Among the entries below, find each line with "that" and show it.

Stored data:
▼

lemma has_real_derivative_rl_conv:
  assumes d1: "\<And>x. (f has_real_derivative f1 x) (at x)"
    and d2: "\<And>x. (f1 has_real_derivative f2 x) (at x)"
    and b0: "\<And>x. \<bar>f x\<bar> \<le> M0" and b1: "\<And>x. \<bar>f1 x\<bar> \<le> M1" and b2: "\<And>x. \<bar>f2 x\<bar> \<le> M2"
    and z0: "\<And>x. x < c \<Longrightarrow> f x = 0" and z1: "\<And>x. x < c \<Longrightarrow> f1 x = 0"
    and e: "0 \<le> e" "e < 1"
  shows "(rl_conv e f has_real_derivative rl_conv e f1 y) (at y)"
proof -
  define K where "K = M2 * (max 0 (y + 1 - c) powr (1 - e) / (1 - e))"
  have quotient: "\<bar>(rl_conv e f (y + h) - rl_conv e f y) / h - rl_conv e f1 y\<bar> \<le> K * \<bar>h\<bar>"
    if "h \<noteq> 0" "\<bar>h\<bar> < 1" for h
  proof -
    have "(rl_conv e f (y + h) - rl_conv e f y) / h - rl_conv e f1 y
        = (rl_conv e f (y + h) - rl_conv e f y - h * rl_conv e f1 y) / h"
      using that by (simp add: field_simps)
    then have "\<bar>(rl_conv e f (y + h) - rl_conv e f y) / h - rl_conv e f1 y\<bar>
        = \<bar>rl_conv e f (y + h) - rl_conv e f y - h * rl_conv e f1 y\<bar> / \<bar>h\<bar>"
      by (simp add: abs_divide)
    also have "\<dots> \<le> K * h\<^sup>2 / \<bar>h\<bar>"
      using abs_rl_conv_increment_le[OF d1 d2 b0 b1 b2 z0 z1 e that(2), where y = y]
      by (intro divide_right_mono) (simp_all add: K_def mult_ac)
    also have "\<dots> = K * \<bar>h\<bar>"
      using that(1) by (simp add: power2_eq_square abs_mult_self_eq[symmetric, of h] del: abs_mult_self_eq)
    finally show ?thesis .
  qed
  have "((\<lambda>h. (rl_conv e f (y + h) - rl_conv e f y) / h - rl_conv e f1 y) \<longlongrightarrow> 0) (at 0)"
  proof (rule Lim_null_comparison)
    show "\<forall>\<^sub>F h in at 0. norm ((rl_conv e f (y + h) - rl_conv e f y) / h - rl_conv e f1 y) \<le> K * \<bar>h\<bar>"
      unfolding eventually_at by (rule exI[of _ 1]) (auto intro!: quotient simp: dist_real_def)
    show "((\<lambda>h. K * \<bar>h\<bar>) \<longlongrightarrow> 0) (at (0::real))"
      by (intro tendsto_eq_intros) auto
  qed
  then show ?thesis unfolding DERIV_def by (rule LIM_zero_cancel)
qed

lemma rl_conv_0_deriv:
  assumes d1: "\<And>x. (f has_real_derivative f1 x) (at x)" and c1: "continuous_on UNIV f1"
    and z0: "\<And>x. x < c \<Longrightarrow> f x = 0" and z1: "\<And>x. x < c \<Longrightarrow> f1 x = 0"
  shows "rl_conv 0 f1 y = f y"
proof -
  define R where "R = max 1 (y - c + 1)"
  have R: "0 < R" by (simp add: R_def)
  have "rl_conv 0 f1 y = (\<integral>t. indicator {0<..<R} t * f1 (y - t) \<partial>lborel)"
    unfolding rl_conv_def
    by (intro Bochner_Integration.integral_cong refl)
       (use z1 in \<open>auto simp: rl_kernel_def indicator_def R_def\<close>)
  also have "\<dots> = \<bar>-1\<bar> *\<^sub>R (\<integral>x. indicator {0<..<R} (y + (-1) * x) * f1 (y - (y + (-1) * x)) \<partial>lborel)"
    by (rule lborel_integral_real_affine) simp
  also have "\<dots> = (\<integral>x. indicator {0<..<R} (y + (-1) * x) * f1 (y - (y + (-1) * x)) \<partial>lborel)"
    by simp
  also have "\<dots> = (\<integral>x. indicator {y - R<..<y} x *\<^sub>R f1 x \<partial>lborel)"
    by (intro Bochner_Integration.integral_cong refl) (auto simp: indicator_def)
  also have "\<dots> = (LBINT x=y-R..y. f1 x)"
    using R by (simp add: interval_lebesgue_integral_le_eq set_lebesgue_integral_def)
  also have "\<dots> = f y - f (y - R)"
  proof (rule interval_integral_FTC_finite)
    show "continuous_on {min (y - R) y..max (y - R) y} f1"
      using c1 by (rule continuous_on_subset) simp
    fix x show "(f has_vector_derivative f1 x) (at x within {min (y - R) y..max (y - R) y})"
      using d1[of x]
      by (simp add: has_real_derivative_iff_has_vector_derivative has_vector_derivative_at_within)
  qed
  also have "f (y - R) = 0" by (rule z0) (simp add: R_def)
  finally show ?thesis by simp
qed

text \<open>At \<open>u = 0\<close> and \<open>u = 1\<close> both sides vanish, the right one because \<open>0 powr x = 0\<close>.\<close>
lemma rl_kernel_pair_rescale:
  assumes "0 < r"
  shows "r * (rl_kernel \<mu> (r - r * u) * rl_kernel (1 - \<mu>) (r * u))
           = indicator {0..1} u *\<^sub>R (u powr (\<mu> - 1) * (1 - u) powr ((1 - \<mu>) - 1))"
proof (cases "0 < u \<and> u < 1")
  case True
  have "r * (rl_kernel \<mu> (r - r * u) * rl_kernel (1 - \<mu>) (r * u))
      = r * ((r * (1 - u)) powr (- \<mu>) * (r * u) powr (\<mu> - 1))"
    using True assms by (simp add: rl_kernel_def right_diff_distrib)
  also have "\<dots> = (r powr 1 * r powr (- \<mu>) * r powr (\<mu> - 1)) * (u powr (\<mu> - 1) * (1 - u) powr (- \<mu>))"
    using True assms by (simp add: powr_mult mult_ac)
  also have "r powr 1 * r powr (- \<mu>) * r powr (\<mu> - 1) = r powr (1 + (- \<mu>) + (\<mu> - 1))"
    by (simp only: powr_add)
  also have "\<dots> = 1" using assms by simp
  finally show ?thesis using True by (simp add: indicator_def)
next
  case False
  then consider "u \<le> 0" | "1 \<le> u" by linarith
  then show ?thesis
  proof cases
    case 1
    then have "r * u \<le> 0" using assms by (simp add: mult_nonneg_nonpos)
    then show ?thesis using 1 by (auto simp: rl_kernel_def indicator_def)
  next
    case 2
    then have "r - r * u \<le> 0" using assms by (simp add: mult_nonneg_nonpos flip: right_diff_distrib)
    then show ?thesis using 2 by (auto simp: rl_kernel_def indicator_def)
  qed
qed

lemma integral_rl_kernel_convolution:
  assumes "0 < \<mu>" "\<mu> < 1" and "0 < r"
  shows "(\<integral>s. rl_kernel \<mu> (r - s) * rl_kernel (1 - \<mu>) s \<partial>lborel) = Beta \<mu> (1 - \<mu>)"
proof -
  have "(\<integral>s. rl_kernel \<mu> (r - s) * rl_kernel (1 - \<mu>) s \<partial>lborel)
      = \<bar>r\<bar> *\<^sub>R (\<integral>u. rl_kernel \<mu> (r - (0 + r * u)) * rl_kernel (1 - \<mu>) (0 + r * u) \<partial>lborel)"
    by (rule lborel_integral_real_affine) (use assms in simp)
  also have "\<dots> = (\<integral>u. r * (rl_kernel \<mu> (r - r * u) * rl_kernel (1 - \<mu>) (r * u)) \<partial>lborel)"
    using assms by simp
  also have "\<dots> = (\<integral>u. indicator {0..1} u *\<^sub>R (u powr (\<mu> - 1) * (1 - u) powr ((1 - \<mu>) - 1)) \<partial>lborel)"
    using rl_kernel_pair_rescale[OF assms(3)] by simp
  also have "\<dots> = integral {0..1} (\<lambda>u. u powr (\<mu> - 1) * (1 - u) powr ((1 - \<mu>) - 1))"
    using set_borel_integral_eq_integral(2)[OF integrable_Beta[of \<mu> "1 - \<mu>"]] assms
    by (simp add: set_lebesgue_integral_def)
  also have "\<dots> = Beta \<mu> (1 - \<mu>)"
    by (rule integral_unique[OF has_integral_Beta_real]) (use assms in auto)
  finally show ?thesis .
qed

lemma nn_integral_lborel_shift:
  fixes g :: "real \<Rightarrow> real"
  assumes [measurable]: "g \<in> borel_measurable borel"
  shows "(\<integral>\<^sup>+r. ennreal (g (r - s)) \<partial>lborel) = (\<integral>\<^sup>+x. ennreal (g x) \<partial>lborel)"
  using nn_integral_real_affine[of "\<lambda>x. ennreal (g (x - s))" 1 s] by simp

lemma integrable_rl_kernel_double_convolution:
  assumes [measurable]: "f \<in> borel_measurable borel" and bound: "\<And>x. \<bar>f x\<bar> \<le> M"
    and vanish: "\<And>x. x < c \<Longrightarrow> f x = 0" and "0 < \<mu>" "\<mu> < 1"
  shows "integrable (lborel \<Otimes>\<^sub>M lborel) (\<lambda>(r, s). f (y - r) * rl_kernel \<mu> (r - s) * rl_kernel (1 - \<mu>) s)"
proof (rule integrableI_bounded)
  define R where "R = max 0 (y - c)"
  define A where "A x = indicator {0<..R} x * rl_kernel \<mu> x" for x
  define B where "B x = indicator {0<..R} x * rl_kernel (1 - \<mu>) x" for x
  have [measurable]: "A \<in> borel_measurable borel" "B \<in> borel_measurable borel"
    unfolding A_def B_def by measurable
  have M: "0 \<le> M" using bound[of 0] by simp
  have AB_nonneg: "0 \<le> A x" "0 \<le> B x" for x by (simp_all add: A_def B_def rl_kernel_nonneg)
  have dom: "norm (f (y - r) * rl_kernel \<mu> (r - s) * rl_kernel (1 - \<mu>) s) \<le> M * A (r - s) * B s" for r s
  proof (cases "f (y - r) * rl_kernel \<mu> (r - s) * rl_kernel (1 - \<mu>) s = 0")
    case True
    have "0 \<le> M * A (r - s) * B s" using AB_nonneg M by simp
    then show ?thesis by (subst True) simp
  next
    case False
    then have "0 < r - s" "0 < s" "c \<le> y - r"
      using vanish[of "y - r"] by (auto simp: rl_kernel_def split: if_splits) (meson not_le)
    then have "r - s \<in> {0<..R}" "s \<in> {0<..R}" by (auto simp: R_def)
    then show ?thesis using bound[of "y - r"]
      by (simp add: A_def B_def abs_mult rl_kernel_nonneg mult_right_mono)
  qed
  define K where "K = R powr (1 - \<mu>) / (1 - \<mu>)"
  have K: "0 \<le> K" using assms by (simp add: K_def)
  have A_int: "(\<integral>\<^sup>+r. ennreal (A (r - s)) \<partial>lborel) = ennreal K" for s
    using nn_integral_lborel_shift[of A s] nn_integral_rl_kernel[of \<mu> R] assms
    by (simp add: A_def R_def K_def)
  have "(\<integral>\<^sup>+z. ennreal (norm ((\<lambda>(r, s). f (y - r) * rl_kernel \<mu> (r - s) * rl_kernel (1 - \<mu>) s) z))
            \<partial>(lborel \<Otimes>\<^sub>M lborel))
      \<le> (\<integral>\<^sup>+z. ennreal ((\<lambda>(r, s). M * A (r - s) * B s) z) \<partial>(lborel \<Otimes>\<^sub>M lborel))"
    using dom
    by (intro nn_integral_mono) (auto intro!: ennreal_leI simp del: norm_mult simp: case_prod_beta)
  also have "\<dots> = (\<integral>\<^sup>+s. \<integral>\<^sup>+r. ennreal (M * B s) * ennreal (A (r - s)) \<partial>lborel \<partial>lborel)"
    by (subst lborel_pair.nn_integral_snd[symmetric])
       (auto simp: case_prod_beta ennreal_mult'[symmetric] AB_nonneg M mult_ac)
  also have "\<dots> = (\<integral>\<^sup>+s. ennreal (B s) * ennreal (M * K) \<partial>lborel)"
  proof (intro nn_integral_cong)
    fix s
    have "(\<lambda>r. ennreal (A (r - s))) \<in> borel_measurable lborel" by measurable
    then have "(\<integral>\<^sup>+r. ennreal (M * B s) * ennreal (A (r - s)) \<partial>lborel) = ennreal (M * B s) * ennreal K"
      by (simp only: nn_integral_cmult A_int)
    also have "\<dots> = ennreal (B s) * ennreal (M * K)"
      using AB_nonneg M K by (simp add: mult_ac flip: ennreal_mult)
    finally show "(\<integral>\<^sup>+r. ennreal (M * B s) * ennreal (A (r - s)) \<partial>lborel) = ennreal (B s) * ennreal (M * K)" .
  qed
  also have "\<dots> = (\<integral>\<^sup>+s. ennreal (B s) \<partial>lborel) * ennreal (M * K)"
    by (rule nn_integral_multc) measurable
  also have "\<dots> < \<infinity>"
    using nn_integral_rl_kernel[of "1 - \<mu>" R] assms by (simp add: B_def R_def ennreal_mult_less_top)
  finally show "(\<integral>\<^sup>+z. ennreal (norm ((\<lambda>(r, s). f (y - r) * rl_kernel \<mu> (r - s) * rl_kernel (1 - \<mu>) s) z))
            \<partial>(lborel \<Otimes>\<^sub>M lborel)) < \<infinity>" .
qed measurable

text \<open>Abel's inversion formula, i.e.\ the semigroup law \<open>I^(1 - \<mu>) I^\<mu> = I^1\<close> of
  Riemann--Liouville integrals in the normalisation of \<open>rl_conv\<close>.\<close>
lemma rl_conv_Abel_inversion:
  assumes d1: "\<And>x. (f has_real_derivative f1 x) (at x)" and c1: "continuous_on UNIV f1"
    and b1: "\<And>x. \<bar>f1 x\<bar> \<le> M1"
    and z0: "\<And>x. x < c \<Longrightarrow> f x = 0" and z1: "\<And>x. x < c \<Longrightarrow> f1 x = 0"
    and \<mu>: "0 < \<mu>" "\<mu> < 1"
  shows "rl_conv (1 - \<mu>) (rl_conv \<mu> f1) y = Beta \<mu> (1 - \<mu>) * f y"
proof -
  have [measurable]: "f1 \<in> borel_measurable borel" using c1 by (rule borel_measurable_continuous_onI)
  define H where "H r s = f1 (y - r) * rl_kernel \<mu> (r - s) * rl_kernel (1 - \<mu>) s" for r s
  have inner: "rl_conv \<mu> f1 (y - s) * rl_kernel (1 - \<mu>) s = (\<integral>r. H r s \<partial>lborel)" for s
  proof -
    have "rl_conv \<mu> f1 (y - s)
        = \<bar>1\<bar> *\<^sub>R (\<integral>r. f1 (y - s - (- s + 1 * r)) * rl_kernel \<mu> (- s + 1 * r) \<partial>lborel)"
      unfolding rl_conv_def by (rule lborel_integral_real_affine) simp
    then show ?thesis by (simp add: H_def)
  qed
  have kernel: "(\<integral>s. H r s \<partial>lborel) = Beta \<mu> (1 - \<mu>) * (f1 (y - r) * rl_kernel 0 r)" for r
  proof (cases "0 < r")
    case True
    then show ?thesis
      using integral_rl_kernel_convolution[OF \<mu> True] by (simp add: H_def rl_kernel_def mult.assoc)
  next
    case False
    then have "(\<lambda>s. H r s) = (\<lambda>s. 0)" by (auto simp: H_def rl_kernel_def)
    then show ?thesis using False by (simp add: rl_kernel_def)
  qed
  have "rl_conv (1 - \<mu>) (rl_conv \<mu> f1) y = (\<integral>s. (\<integral>r. H r s \<partial>lborel) \<partial>lborel)"
    unfolding rl_conv_def[of "1 - \<mu>" "rl_conv \<mu> f1" y] inner ..
  also have "\<dots> = (\<integral>r. (\<integral>s. H r s \<partial>lborel) \<partial>lborel)"
    by (rule lborel_pair.Fubini_integral)
       (unfold H_def, rule integrable_rl_kernel_double_convolution[OF _ b1 z1 \<mu>], simp)
  also have "\<dots> = Beta \<mu> (1 - \<mu>) * rl_conv 0 f1 y"
    by (simp add: kernel rl_conv_def)
  also have "rl_conv 0 f1 y = f y" by (rule rl_conv_0_deriv[OF d1 c1 z0 z1])
  finally show ?thesis .
qed

section \<open>Young's inequality in \<open>L2\<close>\<close>

lemma L2sq_le_cmult:
  assumes [measurable]: "g \<in> borel_measurable borel" and C: "0 \<le> C"
    and le: "\<And>x. x \<in> {a<..<b} \<Longrightarrow> (f x)\<^sup>2 \<le> C * (g x)\<^sup>2"
  shows "L2sq a b f \<le> ennreal C * L2sq a b g"
proof -
  have "L2sq a b f \<le> (\<integral>\<^sup>+x. ennreal C * (indicator {a<..<b} x * ennreal ((g x)\<^sup>2)) \<partial>lborel)"
    unfolding L2sq_def
    by (intro nn_integral_mono) (auto simp: indicator_def C le ennreal_leI simp flip: ennreal_mult)
  also have "\<dots> = ennreal C * L2sq a b g"
    unfolding L2sq_def by (rule nn_integral_cmult) measurable
  finally show ?thesis .
qed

▲

Response:
      using that by (simp add: field_simps)
      using abs_rl_conv_increment_le[OF d1 d2 b0 b1 b2 z0 z1 e that(2), where y = y]
      using that(1) by (simp add: power2_eq_square abs_mult_self_eq[symmetric, of h] del: abs_mult_self_eq)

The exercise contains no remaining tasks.